According to board-certified physician Jane Anderson, many adults’ small intestines often don’t ever fully recover from the damage gluten causes. A 2010 Mayo Clinic study involving 241 adults revealed that two-thirds of adults’ intestinal villi recovered after five years. Those who cheat on their gluten-free diet will continue to have ongoing damage.

Be prepared

If Thanksgiving or Christmas dinner is at someone else’s house, make sure you go prepared. If you know they won’t have gluten-free offerings or if you are unsure how careful they will be with cross-contamination, it’s best to bring your own food. You can make a small dish of turkey and some homemade gluten-free stuffing. Knowing what will be served at the dinner allows you to customize your own meal so that it’s similar to what everyone else is eating. Just like with any diet, if you take steps to head off temptation before it strikes, you will be more successful.

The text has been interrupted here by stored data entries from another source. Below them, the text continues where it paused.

lemma path_length_le_height:
  "v \<in> V \<Longrightarrow> w \<in> leaves V E \<Longrightarrow> (v, w) \<in> E ^^ k \<Longrightarrow> k \<le> height V E v"
  unfolding height_def using finite_leaf_path_lengths by (intro Max_ge) auto

lemma height_leaf:
  assumes "v \<in> leaves V E"
  shows "height V E v = 0"
proof -
  have "k = 0" if "(v, w) \<in> E ^^ k" for w k
    using that leaf_no_arc[OF assms] by (cases k) (blast dest: relpow_Suc_D2)+
  then have "{k. \<exists>w\<in>leaves V E. (v, w) \<in> E ^^ k} = {0}"
    using assms by auto
  then show ?thesis unfolding height_def by simp
qed

lemma height_child_less:
  assumes "(u, c) \<in> E"
  shows "height V E c < height V E u"
proof -
  have "u \<in> V" "c \<in> V" using assms arcs_in_V by auto
  obtain w where "w \<in> leaves V E" "(c, w) \<in> E ^^ height V E c"
    using height_witness[OF \<open>c \<in> V\<close>] .
  moreover from this(2) have "(u, w) \<in> E ^^ Suc (height V E c)"
    using assms by (rule relpow_Suc_I2[rotated])
  ultimately show ?thesis
    using path_length_le_height[OF \<open>u \<in> V\<close>] by fastforce
qed

lemma height_eq_0_iff: "v \<in> V \<Longrightarrow> height V E v = 0 \<longleftrightarrow> v \<in> leaves V E"
  using height_leaf height_child_less not_leaf_iff_child by fastforce

lemma height_internal:
  assumes "v \<in> V" and "v \<notin> leaves V E"
  shows "height V E v = Suc (Max (height V E ` children E v))"
proof (rule antisym)
  obtain w where w: "w \<in> leaves V E" "(v, w) \<in> E ^^ height V E v"
    using height_witness[OF assms(1)] .
  obtain k where k: "height V E v = Suc k"
    using assms height_eq_0_iff by (cases "height V E v") auto
  have "(v, w) \<in> E ^^ Suc k" using w(2) unfolding k .
  then obtain c where c: "(v, c) \<in> E" "(c, w) \<in> E ^^ k"
    by (rule relpow_Suc_E2)
  then have "k \<le> height V E c"
    using path_length_le_height arcs_in_V w(1) by blast
  also have "\<dots> \<le> Max (height V E ` children E v)"
    using c(1) finite_children unfolding children_def by (intro Max_ge) auto
  finally show "height V E v \<le> Suc (Max (height V E ` children E v))"
    using k by simp
next
  obtain c where "(v, c) \<in> E" using assms not_leaf_iff_child by blast
  then have "children E v \<noteq> {}" unfolding children_def by blast
  then have "Max (height V E ` children E v) \<in> height V E ` children E v"
    using finite_children by (intro Max_in) auto
  then show "Suc (Max (height V E ` children E v)) \<le> height V E v"
    using height_child_less unfolding children_def by fastforce
qed

end

section \<open>The bottom-up ordering\<close>

lemma stratified_fixpoint_ex1:
  fixes F :: "('a \<Rightarrow> 'b) \<Rightarrow> 'a \<Rightarrow> 'b" and level :: "'a \<Rightarrow> nat"
  assumes "finite A"
    and outside: "\<And>f v. v \<notin> A \<Longrightarrow> F f v = c"
    and depends_below: "\<And>f g v. v \<in> A \<Longrightarrow> (\<And>w. w \<in> A \<Longrightarrow> level w < level v \<Longrightarrow> f w = g w) \<Longrightarrow> F f v = F g v"
  shows "\<exists>!f. F f = f"
proof -
  have unique: "f = g" if f: "F f = f" and g: "F g = g" for f g
  proof -
    have "f v = g v" if "v \<in> A" for v
      using that
    proof (induction "level v" arbitrary: v rule: less_induct)
      case less
      then have "F f v = F g v" by (intro depends_below) auto
      then show ?case using f g by simp
    qed
    moreover have "f v = g v" if "v \<notin> A" for v
      using outside[OF that] f g by metis
    ultimately show "f = g" by blast
  qed
  define z :: "'a \<Rightarrow> 'b" where "z = (\<lambda>_. c)"
  have stable: "v \<in> A \<Longrightarrow> level v < h \<Longrightarrow> (F ^^ (h + j)) z v = (F ^^ h) z v" for h j v
  proof (induction h arbitrary: v)
    case (Suc h)
    then have "F ((F ^^ (h + j)) z) v = F ((F ^^ h) z) v"
      by (intro depends_below) auto
    then show ?case by simp
  qed simp
  define H where "H = Suc (Max (level ` A))"
  have "level v < H" if "v \<in> A" for v
    unfolding H_def using \<open>finite A\<close> that by (simp add: le_imp_less_Suc)
  then have "F ((F ^^ H) z) v = (F ^^ H) z v" for v
    using stable[of v H 1] outside unfolding H_def by (cases "v \<in> A") auto
  then have "F ((F ^^ H) z) = (F ^^ H) z" ..
  then show ?thesis using unique by blast
qed

lemma card_le_bij_interval:
  assumes "bij_betw f A {1..N}" and "m \<le> N"
  shows "card {a \<in> A. f a \<le> m} = m"
proof -
  have "f ` {a \<in> A. f a \<le> m} = {1..m}"
  proof
    show "f ` {a \<in> A. f a \<le> m} \<subseteq> {1..m}"
      using bij_betwE[OF assms(1)] by auto
    show "{1..m} \<subseteq> f ` {a \<in> A. f a \<le> m}"
    proof
      fix x assume "x \<in> {1..m}"
      moreover from this obtain a where "a \<in> A" "x = f a"
        using assms bij_betw_imp_surj_on by (metis atLeastAtMost_iff image_iff order_trans)
      ultimately show "x \<in> f ` {a \<in> A. f a \<le> m}" by auto
    qed
  qed
  moreover have "inj_on f {a \<in> A. f a \<le> m}"
    using bij_betw_imp_inj_on[OF assms(1)] by (rule inj_on_subset) auto
  ultimately show ?thesis using card_image by fastforce
qed

locale leaf_labelled_tree = finite_tree V E for V :: "'v set" and E +
  fixes n :: nat and lab :: "'v \<Rightarrow> nat"
  assumes leaf_labelling: "bij_betw lab (leaves V E) {1..n}"
begin

text \<open>Conditions (a)--(c) say that a bottom-up ordering sorts the vertices by \<open>key\<close>,
  that is, it is a fixed point of \<open>rank\<close>.  Since \<open>rank lo v\<close> only depends on \<open>lo\<close> below the
  height of \<open>v\<close>, there is exactly one fixed point.\<close>

definition key :: "('v \<Rightarrow> nat) \<Rightarrow> 'v \<Rightarrow> nat \<times> nat" where
  "key lo v = (height V E v, if v \<in> leaves V E then lab v else Min (lo ` children E v))"

definition rank :: "('v \<Rightarrow> nat) \<Rightarrow> 'v \<Rightarrow> nat" where
  "rank lo v = (if v \<in> V then card {w \<in> V. key lo w \<le> key lo v} else 0)"

lemma key_less_if_height_less: "height V E v < height V E w \<Longrightarrow> key lo v < key lo w"
  unfolding key_def by simp

lemma key_eq_imp_eq:
  assumes "v \<in> V" "w \<in> V" and "key lo v = key lo w"
    and children_inj: "\<And>c c'. c \<in> children E v \<Longrightarrow> c' \<in> children E w \<Longrightarrow> lo c = lo c' \<Longrightarrow> c = c'"
  shows "v = w"
proof -
  have height_eq: "height V E v = height V E w"
    using assms(3) unfolding key_def by simp
  show ?thesis
  proof (cases "v \<in> leaves V E")
    case True
    then have "w \<in> leaves V E"
      using height_eq height_leaf height_eq_0_iff[OF assms(2)] by simp
    then have "lab v = lab w"
      using True assms(3) unfolding key_def by simp
    then show ?thesis
      using inj_onD[OF bij_betw_imp_inj_on[OF leaf_labelling]] True \<open>w \<in> leaves V E\<close> by blast
  next
    case False
    then have "w \<notin> leaves V E"
      using False height_eq height_leaf height_eq_0_iff[OF assms(1)] by metis
    then have min_eq: "Min (lo ` children E v) = Min (lo ` children E w)"
      using False assms(3) unfolding key_def by simp
    have "Min (lo ` children E u) \<in> lo ` children E u" if "u \<in> V" "u \<notin> leaves V E" for u
      using that not_leaf_iff_child finite_children unfolding children_def
      by (intro Min_in) auto
    then obtain c c' where "c \<in> children E v" "c' \<in> children E w" "lo c = lo c'"
      using False \<open>w \<notin> leaves V E\<close> assms(1,2) min_eq by (metis imageE)
    then have "(v, c) \<in> E" "(w, c) \<in> E"
      using children_inj unfolding children_def by auto
    then show ?thesis by (rule parent_unique)
  qed
qed

lemma rank_less:
  assumes "v \<in> V" "w \<in> V" and "key lo v < key lo w"
  shows "rank lo v < rank lo w"
proof -
  have "{u \<in> V. key lo u \<le> key lo v} \<subseteq> {u \<in> V. key lo u \<le> key lo w}"
    using assms(3) by auto
  moreover have "w \<notin> {u \<in> V. key lo u \<le> key lo v}"
    using assms(3) by (simp add: not_le)
  ultimately have "{u \<in> V. key lo u \<le> key lo v} \<subset> {u \<in> V. key lo u \<le> key lo w}"
    using assms(2) by blast
  then show ?thesis
    unfolding rank_def using assms finite_V by (simp add: psubset_card_mono)
qed

lemma rank_range: "v \<in> V \<Longrightarrow> rank lo v \<in> {1..card V}"
  unfolding rank_def using finite_V by (auto simp: card_gt_0_iff Suc_le_eq intro: card_mono)

lemma height_le_if_key_le: "key lo v \<le> key lo w \<Longrightarrow> height V E v \<le> height V E w"
  using key_less_if_height_less by (metis leD not_le_imp_less)

lemma rank_cong:
  assumes "v \<in> V" and agree: "\<And>w. w \<in> V \<Longrightarrow> height V E w < height V E v \<Longrightarrow> lo w = lo' w"
  shows "rank lo v = rank lo' v"
proof -
  have key_eq: "key lo w = key lo' w" if "height V E w \<le> height V E v" for w
  proof -
    have "lo c = lo' c" if "c \<in> children E w" for c
    proof -
      have "(w, c) \<in> E" using that unfolding children_def by simp
      then have "c \<in> V" "height V E c < height V E v"
        using arcs_in_V height_child_less \<open>height V E w \<le> height V E v\<close> by fastforce+
      then show ?thesis by (rule agree)
    qed
    then have "lo ` children E w = lo' ` children E w" by (rule image_cong[OF refl])
    then show ?thesis unfolding key_def by simp
  qed
  have "key lo w \<le> key lo v \<longleftrightarrow> key lo' w \<le> key lo' v" for w
  proof (cases "height V E w \<le> height V E v")
    case True
    then show ?thesis using key_eq[OF True] key_eq[OF order_refl] by simp
  next
    case False
    then have "key lo v < key lo w" "key lo' v < key lo' w"
      by (simp_all add: key_less_if_height_less)
    then show ?thesis by (meson leD)
  qed
  then show ?thesis unfolding rank_def by simp
qed

lemma rank_fixpoint_ex1: "\<exists>!lo. rank lo = lo"
proof (rule stratified_fixpoint_ex1[where level = "height V E" and c = 0])
  show "finite V" by (rule finite_V)
  show "rank lo v = 0" if "v \<notin> V" for lo v
    using that unfolding rank_def by simp
  show "rank lo v = rank lo' v"
    if "v \<in> V" "\<And>w. w \<in> V \<Longrightarrow> height V E w < height V E v \<Longrightarrow> lo w = lo' w" for lo lo' v
    using that by (rule rank_cong)
qed

lemma rank_fixpoint_inj:
  assumes fixed: "rank lo = lo"
  shows "inj_on lo V"
proof -
  have "v = w" if "v \<in> V" "w \<in> V" "lo v = lo w" for v w
    using that
  proof (induction "height V E v" arbitrary: v w rule: less_induct)
    case less
    then have "rank lo v = rank lo w" using fixed by simp
    then have "\<not> key lo v < key lo w" "\<not> key lo w < key lo v"
      using rank_less[OF less.prems(1,2)] rank_less[OF less.prems(2,1)] by (metis less_irrefl)+
    then have "key lo v = key lo w" by (metis linorder_cases)
    moreover have "c = c'" if "c \<in> children E v" "c' \<in> children E w" "lo c = lo c'" for c c'
    proof -
      have "c \<in> V" "c' \<in> V" using that(1,2) children_subset by auto
      moreover have "height V E c < height V E v"
        using that(1) height_child_less unfolding children_def by simp
      ultimately show ?thesis using less.hyps that(3) by blast
    qed
    ultimately show ?case using key_eq_imp_eq less.prems(1,2) by blast
  qed
  then show ?thesis unfolding inj_on_def by blast
qed

lemma rank_leaf:
  assumes "v \<in> leaves V E"
  shows "rank lo v = lab v"
proof -
  have key_leaf: "key lo u = (0, lab u)" if "u \<in> leaves V E" for u
    using that height_leaf unfolding key_def by simp
  have "w \<in> leaves V E" if "w \<in> V" "key lo w \<le> key lo v" for w
    using height_le_if_key_le[OF that(2)] height_leaf[OF assms] height_eq_0_iff[OF that(1)] by simp
  then have "{w \<in> V. key lo w \<le> key lo v} = {w \<in> leaves V E. key lo w \<le> key lo v}"
    using leaves_subset by blast
  also have "\<dots> = {w \<in> leaves V E. lab w \<le> lab v}"
    using key_leaf assms by auto
  finally have "{w \<in> V. key lo w \<le> key lo v} = {w \<in> leaves V E. lab w \<le> lab v}" .
  moreover have "lab v \<le> n"
    using bij_betwE[OF leaf_labelling] assms by auto
  ultimately show ?thesis
    using assms leaves_subset card_le_bij_interval[OF leaf_labelling] unfolding rank_def by auto
qed
(* Let $j \in [d]$ and let $\mathcal{Y} = \sum_{k=1}^r \alpha_k \bigcirc_{\ell=1}^d \mathbf{y}^{(\ell)}_k \in \mathbb{C}^{n_1\times\cdots\times n_d}$ be a rank-$r$ tensor in standard form. Let $\epsilon \in (0,1)$ and suppose $\mathbf{A} \in \mathbb{C}^{m\times n_j}$ is an $(\epsilon/4)$-JL embedding into $\mathbb{C}^m$ of the $2r^2 - r$ vectors $$\Big(\bigcup_{1\le h<k\le r}\{\mathbf{y}^{(j)}_k - \mathbf{y}^{(j)}_h,\ \mathbf{y}^{(j)}_k + \mathbf{y}^{(j)}_h,\ \mathbf{y}^{(j)}_k - \mathrm{i}\,\mathbf{y}^{(j)}_h,\ \mathbf{y}^{(j)}_k + \mathrm{i}\,\mathbf{y}^{(j)}_h\}\Big)\cup\{\mathbf{y}^{(j)}_k\}_{k\in[r]} \subset \mathbb{C}^{n_j}.$$ Let $\mathcal{Y}' := \mathcal{Y}\times_j \mathbf{A}$, written in standard form as $$\mathcal{Y}' = \sum_{k=1}^r \alpha'_k \Big( \big(\bigcirc_{\ell<j}\mathbf{y}^{(\ell)}_k\big)\bigcirc \frac{\mathbf{A}\mathbf{y}^{(j)}_k}{\|\mathbf{A}\mathbf{y}^{(j)}_k\|_2}\bigcirc\big(\bigcirc_{\ell>j}\mathbf{y}^{(\ell)}_k\big)\Big),\qquad \alpha'_k = \alpha_k\|\mathbf{A}\mathbf{y}^{(j)}_k\|_2 .$$ Then: (1) $|\alpha'_k - \alpha_k| \leq \epsilon|\alpha_k|/4$ for all $k\in[r]$, so that $\|\boldsymbol\alpha'\|_\infty \leq (1+\epsilon/4)\|\boldsymbol\alpha\|_\infty$; (2) $\mu_{\mathcal{Y}',j} \leq \frac{\mu_{\mathcal{Y},j}+\epsilon}{1-\epsilon/4}$, and $\mu_{\mathcal{Y}',\ell} = \mu_{\mathcal{Y},\ell}$ for all $\ell\in[d]\setminus\{j\}$; (3) $\displaystyle \big|\|\mathcal{Y}'\|^2 - \|\mathcal{Y}\|^2\big| \leq \epsilon\Big(1+\sqrt{r(r-1)}\prod_{\ell\neq j}\mu_{\mathcal{Y},\ell}\Big)\|\boldsymbol\alpha\|_2^2 \leq \epsilon\big(1+r\mu_{\mathcal{Y}}^{d-1}\big)\|\boldsymbol\alpha\|_2^2 \leq \epsilon(r+1)\|\boldsymbol\alpha\|_2^2.$
   Context: Tensors in $\mathbb{C}^{n_1\times\cdots\times n_d}$ have inner product $\langle\mathcal{X},\mathcal{Y}\rangle=\sum\mathcal{X}_{i_1\dots i_d}\overline{\mathcal{Y}_{i_1\dots i_d}}$ and norm $\|\cdot\|$; $\bigcirc$ is the outer product; the $j$-mode product is $(\mathcal{X}\times_j\mathbf{U})_{i_1,\dots,\ell,\dots,i_d}=\sum_{i_j}\mathcal{X}_{i_1,\dots,i_j,\dots,i_d}\mathbf{U}_{\ell,i_j}$; $\mathrm{i}$ is the imaginary unit. A linear map $L$ is an $\epsilon$-JL embedding of a set $S$ if for each $x\in S$, $\|L(x)\|^2=(1+\epsilon_x)\|x\|^2$ for some $\epsilon_x\in(-\epsilon,\epsilon)$. A rank-$r$ tensor in standard form is $\mathcal{Y}=\sum_{k=1}^r\alpha_k\bigcirc_{\ell=1}^d\mathbf{y}^{(\ell)}_k$ with $\|\mathbf{y}^{(\ell)}_k\|_2=1$ for all $\ell,k$; $\boldsymbol\alpha=(\alpha_1,\dots,\alpha_r)$. Relative to this representation, the modewise coherences are $\mu_{\mathcal{Y},\ell}=\max_{k\ne h}|\langle\mathbf{y}^{(\ell)}_k,\mathbf{y}^{(\ell)}_h\rangle|$ and the maximum modewise coherence is $\mu_{\mathcal{Y}}=\max_{\ell\in[d]}\mu_{\mathcal{Y},\ell}$ (for $\mathcal{Y}'$, these are computed from the displayed standard form of $\mathcal{Y}'$). *)

theory Defs
  imports "HOL-Analysis.Analysis"
begin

Guests often contribute dishes to a family dinner, so bring a dessert that everyone will enjoy. Consider bringing a crust-less pie, flourless cookies or gluten-free cupcakes.

Offer to host dinner

When you host a holiday dinner at your house, you are in control, eliminating any worry over cross-contamination. And even if your guests bring dishes to contribute to dinner, you will know which ones to avoid. Remember that you don’t have to completely overhaul every dish. Oftentimes people can’t even tell the difference between gluten-free and gluten-containing fare. For example, you only need to substitute regular breadcrumbs with the gluten-free variety when making stuffing. Preparing plenty of yummy gluten-free options will help quash any temptation that may have consumed you at a loved one’s home.

Indulge your sweet tooth

You’re seeing all of these cookies, pies, cakes and other sweets—why not make them yourself? While the gluten-free diet seems restricting, you can make a gluten-free version of just about any recipe. With millions of Americans on the same diet, you have access to thousands of recipes to satisfy all guests’ dessert cravings while sticking safely to your diet.